- Work required: Among the entries below, find the lines that hold the word "also" and report them.

- Data shown:
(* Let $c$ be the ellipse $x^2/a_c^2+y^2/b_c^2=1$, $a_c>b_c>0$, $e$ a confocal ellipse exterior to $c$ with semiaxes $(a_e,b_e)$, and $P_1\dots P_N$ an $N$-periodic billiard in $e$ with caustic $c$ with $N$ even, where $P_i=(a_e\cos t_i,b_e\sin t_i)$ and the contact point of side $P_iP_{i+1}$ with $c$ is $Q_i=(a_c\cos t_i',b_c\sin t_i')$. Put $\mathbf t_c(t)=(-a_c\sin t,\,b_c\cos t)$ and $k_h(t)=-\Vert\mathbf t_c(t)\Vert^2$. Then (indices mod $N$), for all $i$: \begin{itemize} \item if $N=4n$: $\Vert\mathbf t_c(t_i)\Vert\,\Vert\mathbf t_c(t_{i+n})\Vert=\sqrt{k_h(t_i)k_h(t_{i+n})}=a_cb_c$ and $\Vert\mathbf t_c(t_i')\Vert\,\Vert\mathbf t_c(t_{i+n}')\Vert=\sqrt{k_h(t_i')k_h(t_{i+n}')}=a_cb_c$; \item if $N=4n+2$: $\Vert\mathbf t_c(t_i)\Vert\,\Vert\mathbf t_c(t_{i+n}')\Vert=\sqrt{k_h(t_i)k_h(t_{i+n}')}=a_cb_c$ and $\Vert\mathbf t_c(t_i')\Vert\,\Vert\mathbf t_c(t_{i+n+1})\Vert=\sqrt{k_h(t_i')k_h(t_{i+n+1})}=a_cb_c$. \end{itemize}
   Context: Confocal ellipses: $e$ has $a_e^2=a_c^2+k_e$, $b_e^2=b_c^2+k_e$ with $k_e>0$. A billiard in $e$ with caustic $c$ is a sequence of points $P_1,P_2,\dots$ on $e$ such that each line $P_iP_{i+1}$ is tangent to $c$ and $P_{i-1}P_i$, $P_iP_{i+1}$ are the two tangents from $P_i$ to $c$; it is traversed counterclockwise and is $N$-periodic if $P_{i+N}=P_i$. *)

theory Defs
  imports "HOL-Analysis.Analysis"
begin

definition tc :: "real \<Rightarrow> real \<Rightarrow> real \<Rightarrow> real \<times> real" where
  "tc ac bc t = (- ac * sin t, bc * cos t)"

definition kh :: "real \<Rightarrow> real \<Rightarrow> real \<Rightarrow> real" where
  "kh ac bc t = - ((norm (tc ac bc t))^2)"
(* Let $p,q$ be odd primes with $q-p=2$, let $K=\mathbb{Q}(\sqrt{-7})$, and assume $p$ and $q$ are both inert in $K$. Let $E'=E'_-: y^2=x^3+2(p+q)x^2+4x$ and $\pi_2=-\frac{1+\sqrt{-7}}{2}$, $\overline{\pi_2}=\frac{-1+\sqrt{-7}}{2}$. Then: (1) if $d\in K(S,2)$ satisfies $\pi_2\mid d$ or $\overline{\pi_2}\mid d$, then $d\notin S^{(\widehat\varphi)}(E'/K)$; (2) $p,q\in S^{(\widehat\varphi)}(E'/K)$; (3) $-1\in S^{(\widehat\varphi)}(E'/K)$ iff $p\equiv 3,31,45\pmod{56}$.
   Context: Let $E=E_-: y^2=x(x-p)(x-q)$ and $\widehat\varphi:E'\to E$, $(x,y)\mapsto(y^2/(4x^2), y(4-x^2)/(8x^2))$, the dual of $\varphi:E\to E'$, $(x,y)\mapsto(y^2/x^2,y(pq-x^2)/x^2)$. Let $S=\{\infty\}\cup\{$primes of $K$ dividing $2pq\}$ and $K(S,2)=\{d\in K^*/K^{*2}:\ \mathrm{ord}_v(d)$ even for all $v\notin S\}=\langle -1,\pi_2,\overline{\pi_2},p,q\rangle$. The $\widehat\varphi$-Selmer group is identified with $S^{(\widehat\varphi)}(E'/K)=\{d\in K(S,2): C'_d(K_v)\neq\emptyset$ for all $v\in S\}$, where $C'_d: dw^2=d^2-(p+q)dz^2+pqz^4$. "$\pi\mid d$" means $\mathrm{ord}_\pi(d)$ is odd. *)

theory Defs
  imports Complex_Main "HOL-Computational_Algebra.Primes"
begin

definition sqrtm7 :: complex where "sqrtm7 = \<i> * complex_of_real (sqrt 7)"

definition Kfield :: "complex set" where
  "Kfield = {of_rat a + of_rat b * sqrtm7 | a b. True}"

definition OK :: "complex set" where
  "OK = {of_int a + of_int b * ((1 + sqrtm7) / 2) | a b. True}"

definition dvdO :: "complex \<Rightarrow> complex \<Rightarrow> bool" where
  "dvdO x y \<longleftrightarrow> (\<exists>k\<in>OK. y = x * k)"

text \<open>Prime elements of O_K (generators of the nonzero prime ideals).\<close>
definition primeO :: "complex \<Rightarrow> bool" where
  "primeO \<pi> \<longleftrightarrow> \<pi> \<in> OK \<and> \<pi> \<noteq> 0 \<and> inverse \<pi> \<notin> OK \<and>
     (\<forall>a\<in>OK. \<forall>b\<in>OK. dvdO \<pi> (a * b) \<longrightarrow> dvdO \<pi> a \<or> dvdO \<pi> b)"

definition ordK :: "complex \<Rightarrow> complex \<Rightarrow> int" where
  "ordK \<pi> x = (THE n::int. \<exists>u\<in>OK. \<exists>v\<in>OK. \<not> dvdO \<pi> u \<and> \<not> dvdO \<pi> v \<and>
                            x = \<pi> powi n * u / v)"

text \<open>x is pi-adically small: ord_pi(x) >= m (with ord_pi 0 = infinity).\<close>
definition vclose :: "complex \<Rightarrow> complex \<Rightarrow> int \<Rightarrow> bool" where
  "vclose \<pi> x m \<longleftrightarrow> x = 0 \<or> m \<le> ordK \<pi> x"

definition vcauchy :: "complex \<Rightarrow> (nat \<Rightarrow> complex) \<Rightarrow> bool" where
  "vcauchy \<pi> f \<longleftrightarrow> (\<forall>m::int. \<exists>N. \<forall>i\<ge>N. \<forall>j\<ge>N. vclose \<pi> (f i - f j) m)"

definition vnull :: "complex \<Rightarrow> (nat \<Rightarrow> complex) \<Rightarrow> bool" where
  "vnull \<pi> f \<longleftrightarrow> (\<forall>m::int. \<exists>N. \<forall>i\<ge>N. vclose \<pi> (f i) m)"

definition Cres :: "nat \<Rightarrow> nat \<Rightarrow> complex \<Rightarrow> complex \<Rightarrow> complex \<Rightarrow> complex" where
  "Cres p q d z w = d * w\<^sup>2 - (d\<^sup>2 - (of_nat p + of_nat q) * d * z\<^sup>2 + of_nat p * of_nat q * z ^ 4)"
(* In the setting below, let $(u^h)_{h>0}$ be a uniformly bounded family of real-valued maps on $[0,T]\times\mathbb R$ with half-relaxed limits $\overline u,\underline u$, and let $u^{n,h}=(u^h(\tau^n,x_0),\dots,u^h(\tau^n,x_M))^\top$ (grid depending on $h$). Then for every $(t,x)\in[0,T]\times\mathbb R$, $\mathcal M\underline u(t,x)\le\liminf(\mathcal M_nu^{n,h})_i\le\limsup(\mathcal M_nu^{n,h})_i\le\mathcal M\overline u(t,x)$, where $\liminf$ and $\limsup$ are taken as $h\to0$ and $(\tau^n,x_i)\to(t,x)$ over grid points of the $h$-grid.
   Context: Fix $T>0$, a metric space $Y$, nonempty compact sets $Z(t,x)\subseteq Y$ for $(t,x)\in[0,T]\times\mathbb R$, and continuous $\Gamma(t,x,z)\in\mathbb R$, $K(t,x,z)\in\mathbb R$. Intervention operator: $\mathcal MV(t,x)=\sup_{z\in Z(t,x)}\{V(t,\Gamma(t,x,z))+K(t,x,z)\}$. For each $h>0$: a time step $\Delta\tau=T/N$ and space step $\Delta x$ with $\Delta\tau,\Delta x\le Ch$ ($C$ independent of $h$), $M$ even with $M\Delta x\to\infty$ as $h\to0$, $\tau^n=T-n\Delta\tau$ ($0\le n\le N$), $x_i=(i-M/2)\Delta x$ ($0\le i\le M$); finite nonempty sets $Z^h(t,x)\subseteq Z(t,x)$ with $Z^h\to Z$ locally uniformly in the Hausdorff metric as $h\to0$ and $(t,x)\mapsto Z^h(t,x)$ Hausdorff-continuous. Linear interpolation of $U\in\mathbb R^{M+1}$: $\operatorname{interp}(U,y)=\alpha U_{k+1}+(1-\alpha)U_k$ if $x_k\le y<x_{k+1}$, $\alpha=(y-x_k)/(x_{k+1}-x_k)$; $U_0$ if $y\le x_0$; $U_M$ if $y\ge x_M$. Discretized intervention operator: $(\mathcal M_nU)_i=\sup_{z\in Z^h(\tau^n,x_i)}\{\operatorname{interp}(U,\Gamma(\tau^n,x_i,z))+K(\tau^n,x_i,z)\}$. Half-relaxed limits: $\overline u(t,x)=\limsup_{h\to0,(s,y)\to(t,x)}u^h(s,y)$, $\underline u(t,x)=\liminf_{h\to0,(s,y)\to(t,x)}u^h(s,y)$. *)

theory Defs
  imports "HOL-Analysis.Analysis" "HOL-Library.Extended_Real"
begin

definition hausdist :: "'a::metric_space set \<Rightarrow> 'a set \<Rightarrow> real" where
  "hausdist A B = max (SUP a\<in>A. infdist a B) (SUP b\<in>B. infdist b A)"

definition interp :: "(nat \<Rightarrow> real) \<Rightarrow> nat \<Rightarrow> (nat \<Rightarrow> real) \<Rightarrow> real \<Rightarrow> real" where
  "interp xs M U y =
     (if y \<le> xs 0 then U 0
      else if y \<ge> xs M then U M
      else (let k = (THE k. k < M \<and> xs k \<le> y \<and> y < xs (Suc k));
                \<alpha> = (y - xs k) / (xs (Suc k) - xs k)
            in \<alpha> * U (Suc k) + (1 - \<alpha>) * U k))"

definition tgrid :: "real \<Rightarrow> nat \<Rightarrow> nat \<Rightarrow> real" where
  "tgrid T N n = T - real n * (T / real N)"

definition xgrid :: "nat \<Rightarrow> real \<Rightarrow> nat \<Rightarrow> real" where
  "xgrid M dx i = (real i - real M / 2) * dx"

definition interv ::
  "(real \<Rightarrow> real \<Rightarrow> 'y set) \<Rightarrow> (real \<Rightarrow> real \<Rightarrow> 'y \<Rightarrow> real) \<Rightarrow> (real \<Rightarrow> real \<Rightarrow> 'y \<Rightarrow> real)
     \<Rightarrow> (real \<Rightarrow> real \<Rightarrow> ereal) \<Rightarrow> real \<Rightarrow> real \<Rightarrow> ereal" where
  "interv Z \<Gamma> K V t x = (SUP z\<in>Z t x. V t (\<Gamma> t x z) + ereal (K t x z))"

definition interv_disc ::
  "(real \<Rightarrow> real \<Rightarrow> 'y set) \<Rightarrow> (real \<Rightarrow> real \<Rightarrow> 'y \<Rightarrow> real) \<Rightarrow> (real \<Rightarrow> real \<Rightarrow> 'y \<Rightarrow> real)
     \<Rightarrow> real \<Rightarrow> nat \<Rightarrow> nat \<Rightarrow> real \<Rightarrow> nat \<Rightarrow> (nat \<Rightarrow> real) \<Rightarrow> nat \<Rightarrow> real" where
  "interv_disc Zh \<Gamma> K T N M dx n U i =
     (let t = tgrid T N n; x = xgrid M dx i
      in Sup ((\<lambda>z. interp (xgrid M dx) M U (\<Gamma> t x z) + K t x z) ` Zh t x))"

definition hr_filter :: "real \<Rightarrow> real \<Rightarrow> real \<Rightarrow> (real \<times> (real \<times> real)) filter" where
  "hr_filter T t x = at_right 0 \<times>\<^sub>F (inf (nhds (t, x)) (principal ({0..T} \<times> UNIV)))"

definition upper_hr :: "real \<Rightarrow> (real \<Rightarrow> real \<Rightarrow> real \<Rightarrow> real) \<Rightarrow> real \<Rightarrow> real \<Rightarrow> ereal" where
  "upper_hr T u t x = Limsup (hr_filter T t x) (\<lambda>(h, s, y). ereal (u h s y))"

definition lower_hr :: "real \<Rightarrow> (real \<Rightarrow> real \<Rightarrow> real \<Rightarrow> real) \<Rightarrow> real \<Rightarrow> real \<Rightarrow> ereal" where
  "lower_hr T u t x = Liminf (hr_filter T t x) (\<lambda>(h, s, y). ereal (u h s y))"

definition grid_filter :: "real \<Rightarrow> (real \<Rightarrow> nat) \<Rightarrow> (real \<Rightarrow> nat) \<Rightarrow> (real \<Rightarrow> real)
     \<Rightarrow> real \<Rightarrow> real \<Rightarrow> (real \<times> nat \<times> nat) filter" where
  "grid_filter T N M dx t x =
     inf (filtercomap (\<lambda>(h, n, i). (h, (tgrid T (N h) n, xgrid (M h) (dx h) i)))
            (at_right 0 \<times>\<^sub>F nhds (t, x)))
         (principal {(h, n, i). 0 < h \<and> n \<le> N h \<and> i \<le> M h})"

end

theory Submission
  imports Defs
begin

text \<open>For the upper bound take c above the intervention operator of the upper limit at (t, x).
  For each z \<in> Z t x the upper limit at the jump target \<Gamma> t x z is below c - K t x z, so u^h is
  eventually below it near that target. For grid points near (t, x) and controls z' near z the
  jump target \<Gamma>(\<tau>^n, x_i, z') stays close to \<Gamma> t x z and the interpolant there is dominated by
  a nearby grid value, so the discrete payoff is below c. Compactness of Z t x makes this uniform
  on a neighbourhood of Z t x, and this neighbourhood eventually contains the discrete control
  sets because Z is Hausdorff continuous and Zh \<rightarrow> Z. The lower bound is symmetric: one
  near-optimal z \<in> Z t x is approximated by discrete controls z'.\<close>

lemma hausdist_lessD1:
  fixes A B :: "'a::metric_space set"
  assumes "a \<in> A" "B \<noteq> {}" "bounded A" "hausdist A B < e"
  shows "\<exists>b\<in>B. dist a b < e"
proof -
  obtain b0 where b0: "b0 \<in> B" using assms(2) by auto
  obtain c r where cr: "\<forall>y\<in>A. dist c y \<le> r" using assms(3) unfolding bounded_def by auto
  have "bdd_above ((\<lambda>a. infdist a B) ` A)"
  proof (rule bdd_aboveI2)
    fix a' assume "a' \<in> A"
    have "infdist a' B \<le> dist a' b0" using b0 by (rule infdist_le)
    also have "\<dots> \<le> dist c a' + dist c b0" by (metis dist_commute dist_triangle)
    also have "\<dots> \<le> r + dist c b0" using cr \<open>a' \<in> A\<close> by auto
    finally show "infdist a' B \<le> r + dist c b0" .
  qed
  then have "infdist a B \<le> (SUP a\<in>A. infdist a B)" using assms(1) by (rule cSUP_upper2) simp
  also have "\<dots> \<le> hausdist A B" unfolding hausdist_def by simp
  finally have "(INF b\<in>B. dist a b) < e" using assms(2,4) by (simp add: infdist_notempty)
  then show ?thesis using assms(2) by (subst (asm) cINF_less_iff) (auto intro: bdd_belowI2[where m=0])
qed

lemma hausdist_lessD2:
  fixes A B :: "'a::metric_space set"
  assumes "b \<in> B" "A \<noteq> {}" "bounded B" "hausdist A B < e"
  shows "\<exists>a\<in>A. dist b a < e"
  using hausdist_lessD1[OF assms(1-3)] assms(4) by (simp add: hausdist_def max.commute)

- Exercise answer:
    also have "\<dots> \<le> dist c a' + dist c b0" by (metis dist_commute dist_triangle)
    also have "\<dots> \<le> r + dist c b0" using cr \<open>a' \<in> A\<close> by auto
  also have "\<dots> \<le> hausdist A B" unfolding hausdist_def by simp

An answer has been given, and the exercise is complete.